- **The task**: The stretch wanted below opens at the line containing "d \<le> norm" and closes at the line containing "C = norm (?p". Please return it exactly, with no other lines.

**** Data records ****

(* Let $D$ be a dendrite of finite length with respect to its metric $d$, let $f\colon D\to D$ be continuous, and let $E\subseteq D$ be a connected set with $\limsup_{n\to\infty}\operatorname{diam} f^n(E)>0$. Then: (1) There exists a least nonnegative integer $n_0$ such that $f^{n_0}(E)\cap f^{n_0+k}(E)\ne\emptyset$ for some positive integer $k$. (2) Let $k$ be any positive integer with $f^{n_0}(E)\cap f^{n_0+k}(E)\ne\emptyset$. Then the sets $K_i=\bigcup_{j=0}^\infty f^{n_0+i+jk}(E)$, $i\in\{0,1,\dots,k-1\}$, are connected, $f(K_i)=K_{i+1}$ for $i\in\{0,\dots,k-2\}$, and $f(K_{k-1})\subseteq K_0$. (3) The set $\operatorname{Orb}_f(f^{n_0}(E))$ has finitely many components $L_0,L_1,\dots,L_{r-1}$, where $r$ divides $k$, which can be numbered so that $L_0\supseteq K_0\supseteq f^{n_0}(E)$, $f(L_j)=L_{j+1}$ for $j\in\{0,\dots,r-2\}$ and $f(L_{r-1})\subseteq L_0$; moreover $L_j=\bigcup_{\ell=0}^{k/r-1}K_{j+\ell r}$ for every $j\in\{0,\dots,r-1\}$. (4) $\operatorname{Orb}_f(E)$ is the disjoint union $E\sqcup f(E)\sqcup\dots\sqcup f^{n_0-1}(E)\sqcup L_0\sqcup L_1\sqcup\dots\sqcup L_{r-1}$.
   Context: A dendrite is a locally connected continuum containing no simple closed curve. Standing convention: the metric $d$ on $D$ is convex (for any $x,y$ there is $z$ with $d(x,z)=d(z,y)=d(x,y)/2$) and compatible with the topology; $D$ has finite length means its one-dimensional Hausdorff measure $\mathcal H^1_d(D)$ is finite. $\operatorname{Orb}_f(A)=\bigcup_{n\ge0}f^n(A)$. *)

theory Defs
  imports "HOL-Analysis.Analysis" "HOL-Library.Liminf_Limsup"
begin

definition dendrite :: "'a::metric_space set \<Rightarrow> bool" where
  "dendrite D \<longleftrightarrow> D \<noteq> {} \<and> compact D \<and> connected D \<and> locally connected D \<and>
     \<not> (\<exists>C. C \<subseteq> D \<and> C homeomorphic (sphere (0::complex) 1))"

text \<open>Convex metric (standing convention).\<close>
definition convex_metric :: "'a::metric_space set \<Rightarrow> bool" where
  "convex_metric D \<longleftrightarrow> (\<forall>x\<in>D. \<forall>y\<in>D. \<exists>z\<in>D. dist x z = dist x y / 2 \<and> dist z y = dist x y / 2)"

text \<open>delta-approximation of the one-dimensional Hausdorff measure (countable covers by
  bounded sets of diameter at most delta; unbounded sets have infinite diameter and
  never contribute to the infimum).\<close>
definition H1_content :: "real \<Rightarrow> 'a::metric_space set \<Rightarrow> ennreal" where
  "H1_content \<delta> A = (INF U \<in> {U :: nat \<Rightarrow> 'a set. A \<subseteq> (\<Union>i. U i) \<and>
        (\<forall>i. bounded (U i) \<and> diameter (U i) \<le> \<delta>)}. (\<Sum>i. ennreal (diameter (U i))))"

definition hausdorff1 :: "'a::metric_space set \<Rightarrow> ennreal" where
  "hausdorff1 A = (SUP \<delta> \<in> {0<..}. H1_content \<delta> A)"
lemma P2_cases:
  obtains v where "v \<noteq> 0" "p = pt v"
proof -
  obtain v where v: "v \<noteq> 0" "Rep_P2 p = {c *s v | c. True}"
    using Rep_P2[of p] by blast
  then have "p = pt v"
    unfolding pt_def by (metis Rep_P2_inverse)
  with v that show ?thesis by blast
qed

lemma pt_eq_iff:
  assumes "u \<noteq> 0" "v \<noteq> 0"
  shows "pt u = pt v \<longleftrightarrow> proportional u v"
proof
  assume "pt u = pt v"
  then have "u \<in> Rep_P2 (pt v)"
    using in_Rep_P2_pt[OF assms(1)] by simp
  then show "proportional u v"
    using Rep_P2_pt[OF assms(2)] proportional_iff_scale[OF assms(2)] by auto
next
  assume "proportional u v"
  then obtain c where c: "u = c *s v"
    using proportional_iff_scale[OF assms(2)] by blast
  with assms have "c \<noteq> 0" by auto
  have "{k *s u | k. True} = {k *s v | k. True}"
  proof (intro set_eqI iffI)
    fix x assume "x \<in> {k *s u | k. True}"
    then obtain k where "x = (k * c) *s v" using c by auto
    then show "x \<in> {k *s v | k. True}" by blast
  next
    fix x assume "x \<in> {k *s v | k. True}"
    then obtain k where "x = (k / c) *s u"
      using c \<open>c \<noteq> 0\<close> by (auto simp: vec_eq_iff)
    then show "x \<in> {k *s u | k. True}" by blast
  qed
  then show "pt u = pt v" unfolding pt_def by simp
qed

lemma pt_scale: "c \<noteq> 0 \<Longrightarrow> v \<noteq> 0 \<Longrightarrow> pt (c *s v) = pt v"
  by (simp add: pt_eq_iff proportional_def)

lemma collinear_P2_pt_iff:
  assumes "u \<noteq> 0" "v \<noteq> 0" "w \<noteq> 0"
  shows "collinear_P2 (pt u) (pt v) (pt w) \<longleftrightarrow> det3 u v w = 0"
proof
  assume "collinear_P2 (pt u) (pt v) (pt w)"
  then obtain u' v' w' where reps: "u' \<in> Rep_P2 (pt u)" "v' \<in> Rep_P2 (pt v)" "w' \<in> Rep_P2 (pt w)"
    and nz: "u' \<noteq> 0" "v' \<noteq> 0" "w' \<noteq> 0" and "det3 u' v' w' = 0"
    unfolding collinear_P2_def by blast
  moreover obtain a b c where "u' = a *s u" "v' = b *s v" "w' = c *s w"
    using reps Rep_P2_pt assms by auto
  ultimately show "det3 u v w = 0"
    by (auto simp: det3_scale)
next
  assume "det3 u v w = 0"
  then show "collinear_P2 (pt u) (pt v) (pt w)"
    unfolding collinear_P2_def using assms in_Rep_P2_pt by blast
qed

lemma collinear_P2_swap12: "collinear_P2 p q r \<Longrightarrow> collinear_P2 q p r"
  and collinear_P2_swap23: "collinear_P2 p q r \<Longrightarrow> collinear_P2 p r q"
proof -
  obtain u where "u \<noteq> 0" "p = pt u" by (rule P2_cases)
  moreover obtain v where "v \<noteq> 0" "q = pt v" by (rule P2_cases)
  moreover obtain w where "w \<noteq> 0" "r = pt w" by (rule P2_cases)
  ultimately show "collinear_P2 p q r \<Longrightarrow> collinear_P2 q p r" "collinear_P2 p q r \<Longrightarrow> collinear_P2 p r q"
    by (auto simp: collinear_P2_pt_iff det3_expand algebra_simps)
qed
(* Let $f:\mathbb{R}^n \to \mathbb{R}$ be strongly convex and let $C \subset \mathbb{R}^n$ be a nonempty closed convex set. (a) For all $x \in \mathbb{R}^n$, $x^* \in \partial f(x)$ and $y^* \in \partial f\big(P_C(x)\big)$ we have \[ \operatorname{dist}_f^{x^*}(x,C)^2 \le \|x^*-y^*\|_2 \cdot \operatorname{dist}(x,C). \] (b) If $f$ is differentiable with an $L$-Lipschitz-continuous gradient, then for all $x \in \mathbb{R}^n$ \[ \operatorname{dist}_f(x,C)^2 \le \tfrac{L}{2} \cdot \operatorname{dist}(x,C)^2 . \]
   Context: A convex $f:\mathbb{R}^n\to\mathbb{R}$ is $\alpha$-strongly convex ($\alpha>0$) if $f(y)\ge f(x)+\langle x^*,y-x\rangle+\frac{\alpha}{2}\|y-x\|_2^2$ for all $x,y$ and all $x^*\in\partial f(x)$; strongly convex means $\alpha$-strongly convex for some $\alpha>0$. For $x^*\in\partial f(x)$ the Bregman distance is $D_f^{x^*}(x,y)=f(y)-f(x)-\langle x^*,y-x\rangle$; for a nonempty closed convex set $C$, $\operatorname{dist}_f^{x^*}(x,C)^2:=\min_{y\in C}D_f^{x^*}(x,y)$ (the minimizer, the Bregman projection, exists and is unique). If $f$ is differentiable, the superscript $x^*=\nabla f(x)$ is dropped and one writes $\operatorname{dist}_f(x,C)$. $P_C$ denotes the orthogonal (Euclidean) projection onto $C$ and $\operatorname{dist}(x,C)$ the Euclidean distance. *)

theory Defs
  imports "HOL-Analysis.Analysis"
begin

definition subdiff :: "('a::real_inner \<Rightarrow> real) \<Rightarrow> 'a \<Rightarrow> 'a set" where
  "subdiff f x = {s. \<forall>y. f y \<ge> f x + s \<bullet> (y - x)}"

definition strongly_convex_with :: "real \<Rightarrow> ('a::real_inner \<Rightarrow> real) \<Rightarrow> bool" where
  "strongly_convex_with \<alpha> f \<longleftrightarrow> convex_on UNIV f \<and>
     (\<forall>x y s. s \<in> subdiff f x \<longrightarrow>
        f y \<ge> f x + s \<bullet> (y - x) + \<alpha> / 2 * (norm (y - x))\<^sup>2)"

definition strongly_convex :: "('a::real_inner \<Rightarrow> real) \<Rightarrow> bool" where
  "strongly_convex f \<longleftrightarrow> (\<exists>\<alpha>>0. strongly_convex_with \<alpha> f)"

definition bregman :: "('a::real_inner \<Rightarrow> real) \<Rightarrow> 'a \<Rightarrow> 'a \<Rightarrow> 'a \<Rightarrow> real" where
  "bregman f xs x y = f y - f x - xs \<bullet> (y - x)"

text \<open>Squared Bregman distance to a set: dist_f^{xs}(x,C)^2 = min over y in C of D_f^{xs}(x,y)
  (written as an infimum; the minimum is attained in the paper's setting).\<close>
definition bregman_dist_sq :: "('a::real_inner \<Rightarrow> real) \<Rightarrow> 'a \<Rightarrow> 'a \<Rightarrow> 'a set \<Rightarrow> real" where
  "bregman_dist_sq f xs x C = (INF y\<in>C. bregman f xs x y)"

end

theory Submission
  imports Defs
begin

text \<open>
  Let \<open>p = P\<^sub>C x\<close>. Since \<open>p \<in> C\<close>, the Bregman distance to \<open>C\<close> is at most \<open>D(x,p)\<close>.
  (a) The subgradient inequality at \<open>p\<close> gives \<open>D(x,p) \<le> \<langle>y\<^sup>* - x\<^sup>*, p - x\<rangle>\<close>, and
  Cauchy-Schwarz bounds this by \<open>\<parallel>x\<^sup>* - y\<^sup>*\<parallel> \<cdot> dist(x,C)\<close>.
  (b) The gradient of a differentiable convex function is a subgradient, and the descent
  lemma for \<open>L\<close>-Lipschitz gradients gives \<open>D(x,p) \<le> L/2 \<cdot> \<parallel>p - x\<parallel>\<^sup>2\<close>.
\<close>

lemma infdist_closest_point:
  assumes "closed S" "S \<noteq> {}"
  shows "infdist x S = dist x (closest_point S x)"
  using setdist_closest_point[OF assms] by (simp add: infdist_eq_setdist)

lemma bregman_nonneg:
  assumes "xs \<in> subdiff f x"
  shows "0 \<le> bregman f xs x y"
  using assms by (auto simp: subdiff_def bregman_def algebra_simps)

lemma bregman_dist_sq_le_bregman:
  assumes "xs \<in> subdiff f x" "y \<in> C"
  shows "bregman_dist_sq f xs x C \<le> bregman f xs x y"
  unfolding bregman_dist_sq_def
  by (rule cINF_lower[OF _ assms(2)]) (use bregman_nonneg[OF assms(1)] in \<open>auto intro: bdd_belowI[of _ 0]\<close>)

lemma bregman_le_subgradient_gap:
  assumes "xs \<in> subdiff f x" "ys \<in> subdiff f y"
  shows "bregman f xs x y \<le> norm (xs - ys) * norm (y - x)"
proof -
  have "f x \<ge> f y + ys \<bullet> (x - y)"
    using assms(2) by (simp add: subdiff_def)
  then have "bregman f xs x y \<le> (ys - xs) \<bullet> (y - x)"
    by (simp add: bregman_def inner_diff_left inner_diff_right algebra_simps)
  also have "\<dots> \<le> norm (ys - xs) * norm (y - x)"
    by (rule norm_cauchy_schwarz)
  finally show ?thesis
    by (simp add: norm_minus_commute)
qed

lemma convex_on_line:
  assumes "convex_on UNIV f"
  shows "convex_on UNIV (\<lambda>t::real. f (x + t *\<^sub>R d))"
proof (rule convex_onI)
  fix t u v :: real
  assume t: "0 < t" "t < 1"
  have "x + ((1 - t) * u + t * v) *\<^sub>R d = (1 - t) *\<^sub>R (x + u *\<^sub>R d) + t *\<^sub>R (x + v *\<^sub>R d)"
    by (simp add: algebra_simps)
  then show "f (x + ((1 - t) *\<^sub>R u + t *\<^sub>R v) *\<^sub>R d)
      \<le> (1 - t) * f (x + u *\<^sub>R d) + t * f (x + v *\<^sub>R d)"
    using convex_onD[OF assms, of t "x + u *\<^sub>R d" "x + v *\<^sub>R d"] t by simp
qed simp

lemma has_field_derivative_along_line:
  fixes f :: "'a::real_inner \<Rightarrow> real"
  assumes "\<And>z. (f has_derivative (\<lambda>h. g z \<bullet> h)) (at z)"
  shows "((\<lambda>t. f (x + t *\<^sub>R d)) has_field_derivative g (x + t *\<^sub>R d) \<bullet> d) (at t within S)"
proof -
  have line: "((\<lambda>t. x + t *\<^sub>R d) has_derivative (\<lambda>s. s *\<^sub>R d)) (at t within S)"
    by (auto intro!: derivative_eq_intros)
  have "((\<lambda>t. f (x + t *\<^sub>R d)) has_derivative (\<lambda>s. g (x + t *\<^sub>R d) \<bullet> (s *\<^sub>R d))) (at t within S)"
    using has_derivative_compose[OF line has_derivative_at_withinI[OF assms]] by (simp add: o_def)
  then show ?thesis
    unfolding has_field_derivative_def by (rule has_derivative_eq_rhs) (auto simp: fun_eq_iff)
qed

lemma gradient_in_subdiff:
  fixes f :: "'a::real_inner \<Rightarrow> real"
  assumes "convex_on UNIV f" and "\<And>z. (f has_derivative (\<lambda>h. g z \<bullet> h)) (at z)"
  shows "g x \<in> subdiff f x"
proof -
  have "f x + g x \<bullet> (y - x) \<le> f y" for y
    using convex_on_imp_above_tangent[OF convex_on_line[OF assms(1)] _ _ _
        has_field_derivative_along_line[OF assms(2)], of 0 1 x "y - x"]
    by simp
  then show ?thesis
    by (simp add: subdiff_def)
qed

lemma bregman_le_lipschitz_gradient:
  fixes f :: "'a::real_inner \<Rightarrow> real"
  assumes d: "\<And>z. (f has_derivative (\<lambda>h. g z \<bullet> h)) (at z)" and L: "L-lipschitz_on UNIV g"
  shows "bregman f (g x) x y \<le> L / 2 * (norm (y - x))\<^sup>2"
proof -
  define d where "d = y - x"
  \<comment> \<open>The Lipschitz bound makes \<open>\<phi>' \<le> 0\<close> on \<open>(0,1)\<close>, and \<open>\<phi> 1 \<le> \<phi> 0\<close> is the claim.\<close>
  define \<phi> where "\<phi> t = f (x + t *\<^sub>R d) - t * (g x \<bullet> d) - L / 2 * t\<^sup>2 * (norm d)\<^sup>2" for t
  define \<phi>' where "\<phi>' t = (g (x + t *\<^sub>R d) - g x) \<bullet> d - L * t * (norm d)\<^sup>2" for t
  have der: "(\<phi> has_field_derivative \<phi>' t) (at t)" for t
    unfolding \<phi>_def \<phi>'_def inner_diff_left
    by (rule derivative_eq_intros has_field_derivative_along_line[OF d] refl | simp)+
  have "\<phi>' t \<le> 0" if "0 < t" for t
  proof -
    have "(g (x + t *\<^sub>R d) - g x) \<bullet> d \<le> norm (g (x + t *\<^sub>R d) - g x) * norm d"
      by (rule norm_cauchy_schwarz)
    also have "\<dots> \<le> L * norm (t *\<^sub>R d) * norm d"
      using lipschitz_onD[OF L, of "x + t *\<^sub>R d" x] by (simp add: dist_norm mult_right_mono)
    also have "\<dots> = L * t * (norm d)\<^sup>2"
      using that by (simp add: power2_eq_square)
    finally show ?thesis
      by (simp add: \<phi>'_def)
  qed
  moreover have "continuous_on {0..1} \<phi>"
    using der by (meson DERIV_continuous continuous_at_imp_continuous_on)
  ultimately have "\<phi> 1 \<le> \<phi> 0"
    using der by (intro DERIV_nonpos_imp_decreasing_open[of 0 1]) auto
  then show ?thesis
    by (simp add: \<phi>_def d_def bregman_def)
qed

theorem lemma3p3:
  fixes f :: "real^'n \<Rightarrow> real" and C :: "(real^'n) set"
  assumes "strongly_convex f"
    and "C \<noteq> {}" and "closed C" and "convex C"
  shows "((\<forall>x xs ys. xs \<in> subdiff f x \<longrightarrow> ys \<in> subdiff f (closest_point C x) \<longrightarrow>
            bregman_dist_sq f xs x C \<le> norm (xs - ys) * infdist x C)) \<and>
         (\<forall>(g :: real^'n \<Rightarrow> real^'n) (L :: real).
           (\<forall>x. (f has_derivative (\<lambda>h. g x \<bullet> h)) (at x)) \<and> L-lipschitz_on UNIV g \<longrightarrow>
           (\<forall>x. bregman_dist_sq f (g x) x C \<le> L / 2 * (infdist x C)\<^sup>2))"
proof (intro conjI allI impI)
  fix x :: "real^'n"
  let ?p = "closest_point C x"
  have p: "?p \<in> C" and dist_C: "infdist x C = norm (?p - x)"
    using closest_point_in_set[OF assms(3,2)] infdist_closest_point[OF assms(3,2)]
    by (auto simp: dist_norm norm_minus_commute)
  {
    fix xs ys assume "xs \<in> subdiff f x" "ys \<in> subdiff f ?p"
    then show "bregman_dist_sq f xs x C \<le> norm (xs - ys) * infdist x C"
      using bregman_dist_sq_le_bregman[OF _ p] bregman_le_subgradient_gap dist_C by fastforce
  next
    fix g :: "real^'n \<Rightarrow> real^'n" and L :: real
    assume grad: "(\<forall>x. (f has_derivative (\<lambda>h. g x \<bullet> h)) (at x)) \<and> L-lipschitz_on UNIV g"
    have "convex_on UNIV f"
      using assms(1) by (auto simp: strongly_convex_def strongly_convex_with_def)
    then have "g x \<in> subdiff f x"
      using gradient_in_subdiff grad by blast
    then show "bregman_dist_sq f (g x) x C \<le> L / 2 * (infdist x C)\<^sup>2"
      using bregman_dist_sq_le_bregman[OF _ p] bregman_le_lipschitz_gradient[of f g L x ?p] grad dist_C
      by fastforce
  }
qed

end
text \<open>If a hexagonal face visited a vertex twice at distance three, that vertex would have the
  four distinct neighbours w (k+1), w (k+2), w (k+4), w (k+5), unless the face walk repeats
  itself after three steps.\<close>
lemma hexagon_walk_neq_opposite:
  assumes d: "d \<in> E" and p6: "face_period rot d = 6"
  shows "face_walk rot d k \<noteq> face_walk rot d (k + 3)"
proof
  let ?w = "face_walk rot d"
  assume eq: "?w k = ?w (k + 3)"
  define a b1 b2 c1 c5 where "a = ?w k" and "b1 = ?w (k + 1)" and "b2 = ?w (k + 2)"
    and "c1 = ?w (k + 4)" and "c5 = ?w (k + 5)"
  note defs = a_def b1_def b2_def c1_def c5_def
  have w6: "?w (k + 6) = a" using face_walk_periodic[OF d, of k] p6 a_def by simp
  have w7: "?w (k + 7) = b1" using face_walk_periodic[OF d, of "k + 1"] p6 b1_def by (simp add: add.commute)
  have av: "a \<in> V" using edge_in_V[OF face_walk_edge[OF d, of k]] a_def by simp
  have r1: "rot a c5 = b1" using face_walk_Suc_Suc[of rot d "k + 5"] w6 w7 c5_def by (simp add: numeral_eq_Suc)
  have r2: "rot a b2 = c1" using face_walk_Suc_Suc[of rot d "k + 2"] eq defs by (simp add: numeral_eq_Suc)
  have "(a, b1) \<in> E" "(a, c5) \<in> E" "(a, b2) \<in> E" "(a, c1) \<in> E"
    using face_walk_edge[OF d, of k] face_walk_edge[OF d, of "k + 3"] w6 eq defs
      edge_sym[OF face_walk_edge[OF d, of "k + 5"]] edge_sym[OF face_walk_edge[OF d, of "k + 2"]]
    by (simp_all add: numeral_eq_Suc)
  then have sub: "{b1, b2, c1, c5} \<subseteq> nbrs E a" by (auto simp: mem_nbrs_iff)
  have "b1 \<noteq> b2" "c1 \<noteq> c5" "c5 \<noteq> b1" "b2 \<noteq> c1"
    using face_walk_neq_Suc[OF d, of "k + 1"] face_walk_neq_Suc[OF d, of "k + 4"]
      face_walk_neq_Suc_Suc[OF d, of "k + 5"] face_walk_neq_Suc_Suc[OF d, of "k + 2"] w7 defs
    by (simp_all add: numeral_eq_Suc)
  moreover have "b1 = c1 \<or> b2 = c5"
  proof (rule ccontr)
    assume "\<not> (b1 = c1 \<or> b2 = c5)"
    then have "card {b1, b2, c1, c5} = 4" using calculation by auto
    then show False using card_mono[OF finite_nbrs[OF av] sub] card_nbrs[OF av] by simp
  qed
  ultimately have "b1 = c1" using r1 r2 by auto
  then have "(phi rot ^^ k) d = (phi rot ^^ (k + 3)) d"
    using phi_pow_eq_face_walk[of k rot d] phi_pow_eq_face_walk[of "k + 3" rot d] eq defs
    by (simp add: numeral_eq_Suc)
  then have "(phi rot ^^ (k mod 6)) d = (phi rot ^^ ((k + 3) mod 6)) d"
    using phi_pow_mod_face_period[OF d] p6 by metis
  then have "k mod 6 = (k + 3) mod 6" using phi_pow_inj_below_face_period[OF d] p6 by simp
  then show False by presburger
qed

****

- **Problem solution**:
    have "(g (x + t *\<^sub>R d) - g x) \<bullet> d \<le> norm (g (x + t *\<^sub>R d) - g x) * norm d"
      by (rule norm_cauchy_schwarz)
    also have "\<dots> \<le> L * norm (t *\<^sub>R d) * norm d"
      using lipschitz_onD[OF L, of "x + t *\<^sub>R d" x] by (simp add: dist_norm mult_right_mono)
    also have "\<dots> = L * t * (norm d)\<^sup>2"
      using that by (simp add: power2_eq_square)
    finally show ?thesis
      by (simp add: \<phi>'_def)
  qed
  moreover have "continuous_on {0..1} \<phi>"
    using der by (meson DERIV_continuous continuous_at_imp_continuous_on)
  ultimately have "\<phi> 1 \<le> \<phi> 0"
    using der by (intro DERIV_nonpos_imp_decreasing_open[of 0 1]) auto
  then show ?thesis
    by (simp add: \<phi>_def d_def bregman_def)
qed

theorem lemma3p3:
  fixes f :: "real^'n \<Rightarrow> real" and C :: "(real^'n) set"
  assumes "strongly_convex f"
    and "C \<noteq> {}" and "closed C" and "convex C"
  shows "((\<forall>x xs ys. xs \<in> subdiff f x \<longrightarrow> ys \<in> subdiff f (closest_point C x) \<longrightarrow>
            bregman_dist_sq f xs x C \<le> norm (xs - ys) * infdist x C)) \<and>
         (\<forall>(g :: real^'n \<Rightarrow> real^'n) (L :: real).
           (\<forall>x. (f has_derivative (\<lambda>h. g x \<bullet> h)) (at x)) \<and> L-lipschitz_on UNIV g \<longrightarrow>
           (\<forall>x. bregman_dist_sq f (g x) x C \<le> L / 2 * (infdist x C)\<^sup>2))"
proof (intro conjI allI impI)
  fix x :: "real^'n"
  let ?p = "closest_point C x"
  have p: "?p \<in> C" and dist_C: "infdist x C = norm (?p - x)"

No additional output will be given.